I create two neural network models m1 and m2, however when I modify the weights in m1, the weights in m2 are modified as well. I suspected I am not instantiating them properly, however they do have different memory addresses.
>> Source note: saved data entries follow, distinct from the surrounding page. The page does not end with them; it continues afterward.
lemma quad_form_integral:
  fixes K :: "'i \<Rightarrow> 'i \<Rightarrow> 'w \<Rightarrow> real"
  assumes "\<And>i j. i \<in> I \<Longrightarrow> j \<in> I \<Longrightarrow> integrable M (K i j)"
  shows "quad_form I v (\<lambda>i j. integral\<^sup>L M (K i j)) = (\<integral>w. quad_form I v (\<lambda>i j. K i j w) \<partial>M)"
  using assms by (simp add: quad_form_def)

text \<open>Integrands of the blocks of \<open>A\<close>, \<open>A'\<close>, \<open>H'\<close>, \<open>H''\<close> at a fixed sample point, with the
  row indices of both Kronecker factors merged into one index \<open>i\<close>: \<open>\<alpha> n i\<close> is the activation
  entry in mini-batch column \<open>n\<close>, and \<open>\<gamma> k m i\<close> the gradient of example \<open>k\<close>'s loss in column \<open>m\<close>.\<close>

definition act_moment :: "nat \<Rightarrow> (nat \<Rightarrow> 'i \<Rightarrow> real) \<Rightarrow> 'i \<Rightarrow> 'i \<Rightarrow> real" where
  "act_moment N \<alpha> i j = En N (\<lambda>n. \<alpha> n i * \<alpha> n j)"

definition act_mean_moment :: "nat \<Rightarrow> (nat \<Rightarrow> 'i \<Rightarrow> real) \<Rightarrow> 'i \<Rightarrow> 'i \<Rightarrow> real" where
  "act_mean_moment N \<alpha> i j = En N (\<lambda>n. \<alpha> n i) * En N (\<lambda>n. \<alpha> n j)"

definition grad_moment :: "nat \<Rightarrow> (nat \<Rightarrow> nat \<Rightarrow> 'i \<Rightarrow> real) \<Rightarrow> 'i \<Rightarrow> 'i \<Rightarrow> real" where
  "grad_moment N \<gamma> i j = En N (\<lambda>k. \<Sum>m<N. \<gamma> k m i * \<gamma> k m j)"

definition grad_sum_moment :: "nat \<Rightarrow> (nat \<Rightarrow> nat \<Rightarrow> 'i \<Rightarrow> real) \<Rightarrow> 'i \<Rightarrow> 'i \<Rightarrow> real" where
  "grad_sum_moment N \<gamma> i j = En N (\<lambda>k. (\<Sum>m<N. \<gamma> k m i) * (\<Sum>m<N. \<gamma> k m j))"

lemma moment_kernels_sym:
  "act_moment N \<alpha> i j = act_moment N \<alpha> j i"
  "act_mean_moment N \<alpha> i j = act_mean_moment N \<alpha> j i"
  "grad_moment N \<gamma> i j = grad_moment N \<gamma> j i"
  "grad_sum_moment N \<gamma> i j = grad_sum_moment N \<gamma> j i"
  by (simp_all add: act_moment_def act_mean_moment_def grad_moment_def grad_sum_moment_def mult.commute)

lemma act_moment_mult_grad_moment:
  "act_moment N \<alpha> i j * grad_moment N \<gamma> i j
    = (\<Sum>k<N. \<Sum>n<N. \<Sum>m<N. (\<alpha> n i * \<gamma> k m i) * (\<alpha> n j * \<gamma> k m j)) / (real N)\<^sup>2"
proof -
  have "(\<Sum>k<N. \<Sum>n<N. \<Sum>m<N. (\<alpha> n i * \<gamma> k m i) * (\<alpha> n j * \<gamma> k m j))
      = (\<Sum>k<N. \<Sum>m<N. \<Sum>n<N. (\<alpha> n i * \<alpha> n j) * (\<gamma> k m i * \<gamma> k m j))"
    by (rule sum.cong[OF refl], subst sum.swap) (simp add: mult_ac)
  also have "\<dots> = (\<Sum>n<N. \<alpha> n i * \<alpha> n j) * (\<Sum>k<N. \<Sum>m<N. \<gamma> k m i * \<gamma> k m j)"
    unfolding sum_distrib_right sum_distrib_left ..
  finally show ?thesis
    by (simp add: act_moment_def grad_moment_def En_def power2_eq_square)
qed

lemma act_mean_moment_mult_grad_sum_moment:
  "act_mean_moment N \<alpha> i j * grad_sum_moment N \<gamma> i j
    = (\<Sum>k<N. (\<Sum>n<N. \<Sum>m<N. \<alpha> n i * \<gamma> k m i) * (\<Sum>n<N. \<Sum>m<N. \<alpha> n j * \<gamma> k m j)) / real N ^ 3"
proof -
  define A B where "A = (\<Sum>n<N. \<alpha> n i)" and "B = (\<Sum>n<N. \<alpha> n j)"
  define G H where "G k = (\<Sum>m<N. \<gamma> k m i)" and "H k = (\<Sum>m<N. \<gamma> k m j)" for k
  have "(\<Sum>k<N. (\<Sum>n<N. \<Sum>m<N. \<alpha> n i * \<gamma> k m i) * (\<Sum>n<N. \<Sum>m<N. \<alpha> n j * \<gamma> k m j))
      = (\<Sum>k<N. (A * G k) * (B * H k))"
    unfolding A_def B_def G_def H_def sum_product ..
  also have "\<dots> = A * B * (\<Sum>k<N. G k * H k)"
    by (simp add: sum_distrib_left mult_ac)
  finally show ?thesis
    by (simp add: act_mean_moment_def grad_sum_moment_def En_def A_def B_def G_def H_def power3_eq_cube)
qed

lemma act_moment_mult_grad_sum_moment:
  "act_moment N \<alpha> i j * grad_sum_moment N \<gamma> i j
    = (\<Sum>k<N. \<Sum>n<N. (\<Sum>m<N. \<alpha> n i * \<gamma> k m i) * (\<Sum>m<N. \<alpha> n j * \<gamma> k m j)) / (real N)\<^sup>2"
proof -
  define G H where "G k = (\<Sum>m<N. \<gamma> k m i)" and "H k = (\<Sum>m<N. \<gamma> k m j)" for k
  have "(\<Sum>k<N. \<Sum>n<N. (\<Sum>m<N. \<alpha> n i * \<gamma> k m i) * (\<Sum>m<N. \<alpha> n j * \<gamma> k m j))
      = (\<Sum>k<N. \<Sum>n<N. (\<alpha> n i * G k) * (\<alpha> n j * H k))"
    unfolding G_def H_def sum_distrib_left ..
  also have "\<dots> = (\<Sum>n<N. \<Sum>k<N. (\<alpha> n i * \<alpha> n j) * (G k * H k))"
    by (subst sum.swap) (simp add: mult_ac)
  also have "\<dots> = (\<Sum>n<N. \<alpha> n i * \<alpha> n j) * (\<Sum>k<N. G k * H k)"
    unfolding sum_product ..
  finally show ?thesis
    by (simp add: act_moment_def grad_sum_moment_def En_def G_def H_def power2_eq_square)
qed

lemma act_mean_moment_mult_grad_moment:
  "act_mean_moment N \<alpha> i j * grad_moment N \<gamma> i j
    = (\<Sum>k<N. \<Sum>m<N. (\<Sum>n<N. \<alpha> n i * \<gamma> k m i) * (\<Sum>n<N. \<alpha> n j * \<gamma> k m j)) / real N ^ 3"
proof -
  define A B where "A = (\<Sum>n<N. \<alpha> n i)" and "B = (\<Sum>n<N. \<alpha> n j)"
  have "(\<Sum>k<N. \<Sum>m<N. (\<Sum>n<N. \<alpha> n i * \<gamma> k m i) * (\<Sum>n<N. \<alpha> n j * \<gamma> k m j))
      = (\<Sum>k<N. \<Sum>m<N. (A * \<gamma> k m i) * (B * \<gamma> k m j))"
    unfolding A_def B_def sum_distrib_right ..
  also have "\<dots> = A * B * (\<Sum>k<N. \<Sum>m<N. \<gamma> k m i * \<gamma> k m j)"
    by (simp add: sum_distrib_left mult_ac)
  finally show ?thesis
    by (simp add: act_mean_moment_def grad_moment_def En_def A_def B_def power3_eq_cube)
qed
I have also tried creating a custom class based on nn.module
instead of using nn.sequential
but the issue remains. Any help much appreciated.
The issue is demonstrated as follows:
from collections import namedtuple, OrderedDict
import torch
import torch.nn as nn
# if gpu is to be used
device = torch.device("cuda" if torch.cuda.is_available() else "cpu")
def init_weights(m):
if type(m) == nn.Linear:
m.weight.data.fill_(0.2)
m.bias.data.fill_(1.0)
D_in = 4
H = 8
D_out = 2
net_spec = OrderedDict([('0', torch.nn.Linear(D_in, H)),
('1', torch.nn.ReLU()),
('2', torch.nn.Linear(H, D_out))])
m1 = torch.nn.Sequential(net_spec)
m2 = torch.nn.Sequential(net_spec)
print('object addresses:')
print(' m1 :',hex(id(m1)))
print(' m2 :',hex(id(m2)))
print("\nm1 weights:\n",m1.state_dict()['0.weight'])
print("\nm2 weights:\n",m2.state_dict()['0.weight'])
m1.apply(init_weights)
print('m1 weights updated')
print("\nm1 weights:\n",m1.state_dict()['0.weight'])
print("\nm2 weights:\n",m2.state_dict()['0.weight'])
output:
object addresses:
m1 : 0x7f893cbe91d0
m2 : 0x7f893cbe92e8
m1 weights:
tensor([[-0.4047, 0.1752, -0.1989, -0.2917],
[-0.0466, -0.0044, 0.1561, 0.2465],
[ 0.0700, -0.3357, -0.4978, -0.0837],
[-0.0248, -0.2826, -0.4564, -0.0516],
[-0.0024, -0.1732, -0.4144, -0.3790],
[-0.3075, 0.2768, -0.2676, 0.4495],
[-0.4929, 0.1328, -0.3153, -0.4591],
[-0.0597, 0.3718, 0.0522, 0.0899]])
m2 weights:
tensor([[-0.4047, 0.1752, -0.1989, -0.2917],
[-0.0466, -0.0044, 0.1561, 0.2465],
[ 0.0700, -0.3357, -0.4978, -0.0837],
[-0.0248, -0.2826, -0.4564, -0.0516],
[-0.0024, -0.1732, -0.4144, -0.3790],
[-0.3075, 0.2768, -0.2676, 0.4495],
[-0.4929, 0.1328, -0.3153, -0.4591],
[-0.0597, 0.3718, 0.0522, 0.0899]])
m1 weights updated
m1 weights:
tensor([[ 0.2000, 0.2000, 0.2000, 0.2000],
[ 0.2000, 0.2000, 0.2000, 0.2000],
[ 0.2000, 0.2000, 0.2000, 0.2000],
[ 0.2000, 0.2000, 0.2000, 0.2000],
[ 0.2000, 0.2000, 0.2000, 0.2000],
[ 0.2000, 0.2000, 0.2000, 0.2000],
[ 0.2000, 0.2000, 0.2000, 0.2000],
[ 0.2000, 0.2000, 0.2000, 0.2000]])
m2 weights:
tensor([[ 0.2000, 0.2000, 0.2000, 0.2000],
[ 0.2000, 0.2000, 0.2000, 0.2000],
[ 0.2000, 0.2000, 0.2000, 0.2000],
[ 0.2000, 0.2000, 0.2000, 0.2000],
[ 0.2000, 0.2000, 0.2000, 0.2000],
[ 0.2000, 0.2000, 0.2000, 0.2000],
[ 0.2000, 0.2000, 0.2000, 0.2000],
[ 0.2000, 0.2000, 0.2000, 0.2000]])
Solution Found:
I found two ways to create the second model m2 that does not have the issue.
m2 = torch.nn.Sequential(copy.deepcopy(net_spec))
or
m2 = copy.deepcopy(m1)
It seems strange to me that the instantiation of the network is tied to the instance OrderedDict() passed to the class to instantiate the model. If anyone can enlighten me it would be appreciated.